Верный способ избавиться от тяжёлого осадка: переспишь с ним, он сам уйдёт. Не из презрения, а от полной и окончательной удовлетворённости. Раньше этот способ всегда действовал – закутаешься в одеяло, из сна потом выглянешь одним глазком, смотришь – ушло всё гадкое, прошла паника. Утряслось, нормализировалось, притупилось. Как с алкоголем. Если после яростной пьянки раньше нужного проснёшься – ой, кошмар! и голова раскалывается, и воспоминания какие-то пилят, и во рту – словно чужие козы общественный сортир устроили. Срочно нужно снова засыпать. И лишь когда после очередного просыпания мир покажется затихшим и обнадёживающим, тогда можно вставать. Значит, опасность миновала. Значит, осадок уже ушёл.
Чего-то мне в последнее время этот способ всё чаще отказывает. Провалилась в небытие. Открываю глаза порывисто, – как было на душе гадко, так и осталось. «Ох, не по себе мне… Ох /чую гибель/!» То ли груз стал неподъёмнее, то ли сон прозрачнее.

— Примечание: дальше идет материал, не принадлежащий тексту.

definition submodular_on :: "'a set \<Rightarrow> ('a set \<Rightarrow> real) \<Rightarrow> bool" where
  "submodular_on N f \<longleftrightarrow> (\<forall>A B. A \<subseteq> N \<longrightarrow> B \<subseteq> N \<longrightarrow> f A + f B \<ge> f (A \<union> B) + f (A \<inter> B))"

definition marg :: "('a set \<Rightarrow> real) \<Rightarrow> 'a set \<Rightarrow> 'a \<Rightarrow> real" where
  "marg f S e = f (insert e S) - f S"

text \<open>Expectation of g(S_delta), where S_delta contains every element of N independently
  with probability delta (with the convention 0^0 = 1).\<close>
definition expect_rand :: "'a set \<Rightarrow> real \<Rightarrow> ('a set \<Rightarrow> real) \<Rightarrow> real" where
  "expect_rand N \<delta> g = (\<Sum>S\<in>Pow N. \<delta> ^ card S * (1 - \<delta>) ^ card (N - S) * g S)"

text \<open>(I,S) with S = S_delta and I = Imap S is an alpha-greedy block.\<close>
definition greedy_block_rand :: "'a set \<Rightarrow> 'a set set \<Rightarrow> ('a set \<Rightarrow> real) \<Rightarrow> real \<Rightarrow> real \<Rightarrow> ('a set \<Rightarrow> 'a set) \<Rightarrow> bool" where
  "greedy_block_rand N Ind f \<alpha> \<delta> Imap \<longleftrightarrow>
     (\<forall>S\<subseteq>N. Imap S \<subseteq> S \<and> Imap S \<in> Ind) \<and>
     expect_rand N \<delta> (\<lambda>S. f (Imap S)) \<ge>
       \<alpha> * expect_rand N \<delta> (\<lambda>S. real (card S)) *
       max 0 (if N = {} then 0 else Max ((\<lambda>e. f {e}) ` N))"

end

theory Submission
  imports Defs
begin

text \<open>Membership of a single element in \<open>S\<^sub>\<delta>\<close> is independent of the rest of \<open>S\<^sub>\<delta>\<close>. Hence the
  expected number of elements \<open>e \<in> S\<close> that are bad with respect to \<open>S - {e}\<close> (small marginal gain,
  or spanned) is \<open>\<delta>/(1-\<delta>)\<close> times the expected number of bad elements outside \<open>S\<close>, which (C1) and
  (C2) bound by \<open>\<epsilon>|N|\<close>; (C1) also forces \<open>\<delta> \<le> \<epsilon>\<close>, since every element of \<open>S\<close> has marginal gain 0.
  All other elements of \<open>S\<close> lie in \<open>I\<close>, which is independent because an element not spanned by
  \<open>S - {e}\<close> lies in every basis of \<open>S\<close>, and \<open>f(I) \<ge> (1-\<epsilon>)\<lambda>|I|\<close> by submodularity. For (ii), both
  expectations are polynomials in \<open>\<delta>\<close>, so maximality of \<open>\<delta>\<close> makes (C1) or (C2) tight, and the
  free elements of large gain are disjoint from the bad elements counted there.\<close>

section \<open>Expectations over random subsets\<close>

lemma expect_rand_cong:
  "(\<And>S. S \<subseteq> N \<Longrightarrow> g S = h S) \<Longrightarrow> expect_rand N d g = expect_rand N d h"
  unfolding expect_rand_def by (rule sum.cong) auto

lemma expect_rand_mono:
  "0 \<le> d \<Longrightarrow> d \<le> 1 \<Longrightarrow> (\<And>S. S \<subseteq> N \<Longrightarrow> g S \<le> h S) \<Longrightarrow> expect_rand N d g \<le> expect_rand N d h"
  unfolding expect_rand_def by (intro sum_mono mult_left_mono) auto

lemma expect_rand_sum:
  "expect_rand N d (\<lambda>S. \<Sum>e\<in>A. h e S) = (\<Sum>e\<in>A. expect_rand N d (h e))"
  unfolding expect_rand_def by (simp add: sum_distrib_left sum.swap[of _ A])

lemma expect_rand_diff:
  "expect_rand N d (\<lambda>S. g S - h S) = expect_rand N d g - expect_rand N d h"
  unfolding expect_rand_def by (simp add: algebra_simps sum_subtractf)

lemma expect_rand_cmult:
  "expect_rand N d (\<lambda>S. c * g S) = c * expect_rand N d g"
  unfolding expect_rand_def by (simp add: algebra_simps sum_distrib_left)

lemma expect_rand_insert:
  assumes "finite N" "e \<notin> N"
  shows "expect_rand (insert e N) d h
           = d * expect_rand N d (\<lambda>S. h (insert e S)) + (1 - d) * expect_rand N d h"
proof -
  let ?w = "\<lambda>M S. d ^ card S * (1 - d) ^ card (M - S)"
  have inj: "inj_on (insert e) (Pow N)" using assms by (auto simp: inj_on_def)
  have "expect_rand (insert e N) d h
      = (\<Sum>S\<in>Pow N. ?w (insert e N) S * h S) + (\<Sum>S\<in>insert e ` Pow N. ?w (insert e N) S * h S)"
    unfolding expect_rand_def Pow_insert using assms by (intro sum.union_disjoint) auto
  also have "(\<Sum>S\<in>Pow N. ?w (insert e N) S * h S) = (\<Sum>S\<in>Pow N. (1 - d) * (?w N S * h S))"
  proof (rule sum.cong)
    fix S assume "S \<in> Pow N"
    then have "insert e N - S = insert e (N - S)" "e \<notin> N - S" "finite (N - S)" using assms by auto
    then show "?w (insert e N) S * h S = (1 - d) * (?w N S * h S)" by simp
  qed simp
  also have "(\<Sum>S\<in>insert e ` Pow N. ?w (insert e N) S * h S)
           = (\<Sum>S\<in>Pow N. d * (?w N S * h (insert e S)))"
    unfolding sum.reindex[OF inj] o_def
  proof (rule sum.cong)
    fix S assume "S \<in> Pow N"
    then have "insert e N - insert e S = N - S" "e \<notin> S" "finite S"
      using assms finite_subset by auto
    then show "?w (insert e N) (insert e S) * h (insert e S) = d * (?w N S * h (insert e S))" by simp
  qed simp
  finally show ?thesis unfolding expect_rand_def sum_distrib_left[symmetric] by simp
qed

lemma expect_rand_const:
  assumes "finite N"
  shows "expect_rand N d (\<lambda>S. c) = c"
  using assms
proof (induction N rule: finite_induct)
  case empty then show ?case by (simp add: expect_rand_def)
next
  case (insert x F) then show ?case by (simp add: expect_rand_insert algebra_simps)
qed

lemma expect_rand_nonneg:
  "0 \<le> d \<Longrightarrow> d \<le> 1 \<Longrightarrow> (\<And>S. S \<subseteq> N \<Longrightarrow> 0 \<le> g S) \<Longrightarrow> 0 \<le> expect_rand N d g"
  unfolding expect_rand_def by (intro sum_nonneg mult_nonneg_nonneg) auto

lemma expect_rand_if_mem:
  assumes "finite N" "e \<in> N"
  shows "expect_rand N d (\<lambda>S. if e \<in> S then g (S - {e}) else 0) = d * expect_rand (N - {e}) d g"
proof -
  have "expect_rand (insert e (N - {e})) d (\<lambda>S. if e \<in> S then g (S - {e}) else 0)
      = d * expect_rand (N - {e}) d (\<lambda>S. g (insert e S - {e})) + (1 - d) * expect_rand (N - {e}) d (\<lambda>S. 0)"
    using assms by (subst expect_rand_insert) (auto intro!: expect_rand_cong)
  also have "expect_rand (N - {e}) d (\<lambda>S. g (insert e S - {e})) = expect_rand (N - {e}) d g"
    by (rule expect_rand_cong) (metis Diff_insert_absorb insert_Diff_single subset_Diff_insert)
  finally show ?thesis using assms by (simp add: insert_absorb expect_rand_const)
qed

lemma expect_rand_if_not_mem:
  assumes "finite N" "e \<in> N"
  shows "expect_rand N d (\<lambda>S. if e \<notin> S then g S else 0) = (1 - d) * expect_rand (N - {e}) d g"
proof -
  have "expect_rand (insert e (N - {e})) d (\<lambda>S. if e \<notin> S then g S else 0)
      = d * expect_rand (N - {e}) d (\<lambda>S. 0) + (1 - d) * expect_rand (N - {e}) d g"
    using assms by (subst expect_rand_insert) (auto intro!: expect_rand_cong)
  then show ?thesis using assms by (simp add: insert_absorb expect_rand_const)
qed

lemma real_card_filter_sum:
  "finite N \<Longrightarrow> real (card {e \<in> N. P e}) = (\<Sum>e\<in>N. if P e then 1 else 0)"
  by (simp add: sum.If_cases Int_def)

lemma real_card_le_diff_of_disjoint:
  assumes "finite N" "X \<subseteq> N" "A \<subseteq> N" "X \<inter> A = {}"
  shows "real (card X) \<le> real (card N) - real (card A)"
proof -
  have "finite X" "finite A" using assms finite_subset by blast+
  then have "card X + card A = card (X \<union> A)" using assms(4) by (simp add: card_Un_disjoint)
  also have "\<dots> \<le> card N" using assms by (intro card_mono) auto
  finally show ?thesis by linarith
qed

text \<open>Both sides equal \<open>\<delta>(1-\<delta>)\<close> times the sum over \<open>e \<in> N\<close> of the probability that \<open>P e\<close> holds
  for a random subset of \<open>N - {e}\<close>: whether \<open>e\<close> is sampled is independent of the rest.\<close>
lemma expect_rand_card_exchange:
  assumes "finite N"
  shows "(1 - d) * expect_rand N d (\<lambda>S. real (card {e \<in> S. P e (S - {e})}))
       = d * expect_rand N d (\<lambda>S. real (card {e \<in> N - S. P e S}))"
proof -
  let ?p = "\<lambda>e T. if P e T then 1 else 0 :: real"
  have "expect_rand N d (\<lambda>S. real (card {e \<in> S. P e (S - {e})}))
      = expect_rand N d (\<lambda>S. \<Sum>e\<in>N. if e \<in> S then ?p e (S - {e}) else 0)"
  proof (rule expect_rand_cong)
    fix S assume "S \<subseteq> N"
    then have "{e \<in> S. P e (S - {e})} = {e \<in> N. e \<in> S \<and> P e (S - {e})}" by blast
    then show "real (card {e \<in> S. P e (S - {e})}) = (\<Sum>e\<in>N. if e \<in> S then ?p e (S - {e}) else 0)"
      using assms by (auto simp: real_card_filter_sum intro!: sum.cong)
  qed
  also have "\<dots> = (\<Sum>e\<in>N. d * expect_rand (N - {e}) d (?p e))"
    unfolding expect_rand_sum
    by (intro sum.cong refl) (use expect_rand_if_mem[OF assms, of _ d "?p _"] in simp)
  finally have mem: "expect_rand N d (\<lambda>S. real (card {e \<in> S. P e (S - {e})}))
      = d * (\<Sum>e\<in>N. expect_rand (N - {e}) d (?p e))" by (simp add: sum_distrib_left)
  have "expect_rand N d (\<lambda>S. real (card {e \<in> N - S. P e S}))
      = expect_rand N d (\<lambda>S. \<Sum>e\<in>N. if e \<notin> S then ?p e S else 0)"
  proof (rule expect_rand_cong)
    fix S
    have "{e \<in> N - S. P e S} = {e \<in> N. e \<notin> S \<and> P e S}" by blast
    then show "real (card {e \<in> N - S. P e S}) = (\<Sum>e\<in>N. if e \<notin> S then ?p e S else 0)"
      using assms by (auto simp: real_card_filter_sum intro!: sum.cong)
  qed
  also have "\<dots> = (\<Sum>e\<in>N. (1 - d) * expect_rand (N - {e}) d (?p e))"
    unfolding expect_rand_sum
    by (intro sum.cong refl) (use expect_rand_if_not_mem[OF assms, of _ d "?p _"] in simp)
  finally show ?thesis using mem by (simp add: sum_distrib_left ac_simps)
qed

Где-то в районе комнаты Артёмыча врубили пылесос. Ой, не трогайте меня! В редакцию ведь только вечером выбираться. Дайте, блин, отмокнуть в нереальности.
Телефон. Ой, не трогайте меня! Дайте от Джека вашего Лондона и тараканов сном отмыться. Но сотовый пищит. Зловредно и настойчиво. Хватаю нервно трубку.
– Алло! Марина Бесфамильная? – голос неприятный, но мужской, – Ты, малыш?
Что-то в интонациях собеседника кажется знакомым. «Это ж Золотая Рыбка!» – врубаюсь, наконец.
– Я, – отвечаю, закуривая. Хоть какая-то польза от этого пожара. В комнатах теперь, что кури, что не кури – всё равно дышать нечем.
– Это Геннадий, – пыхтит трубка, – Ну тот, что из-за сумочки приставал… Слушай, я тут с одним человеком кое-что перетёр. В общем, это… Надо встретиться.
– По какому поводу? – спрашиваю сухо, так, будто «по какому праву?».
– По-твоемУ, по поэтическому, – раздражается моей инертностью собеседник.
– В смысле? – на этот раз откровенно теряюсь, – Я сейчас не могу. У меня пожар.
– У всех пожар, – он явно тяготится тем, что нужно сказать, – Короче, звезду из тебя делать будем. Если подойдёшь. Ясно?
Нет. Не ясно. Но по телефону, наверное, и не прояснится. Какую звезду? Что за очередной виток абсурда? Ладно, в глаза посмотрю, разберусь воочию…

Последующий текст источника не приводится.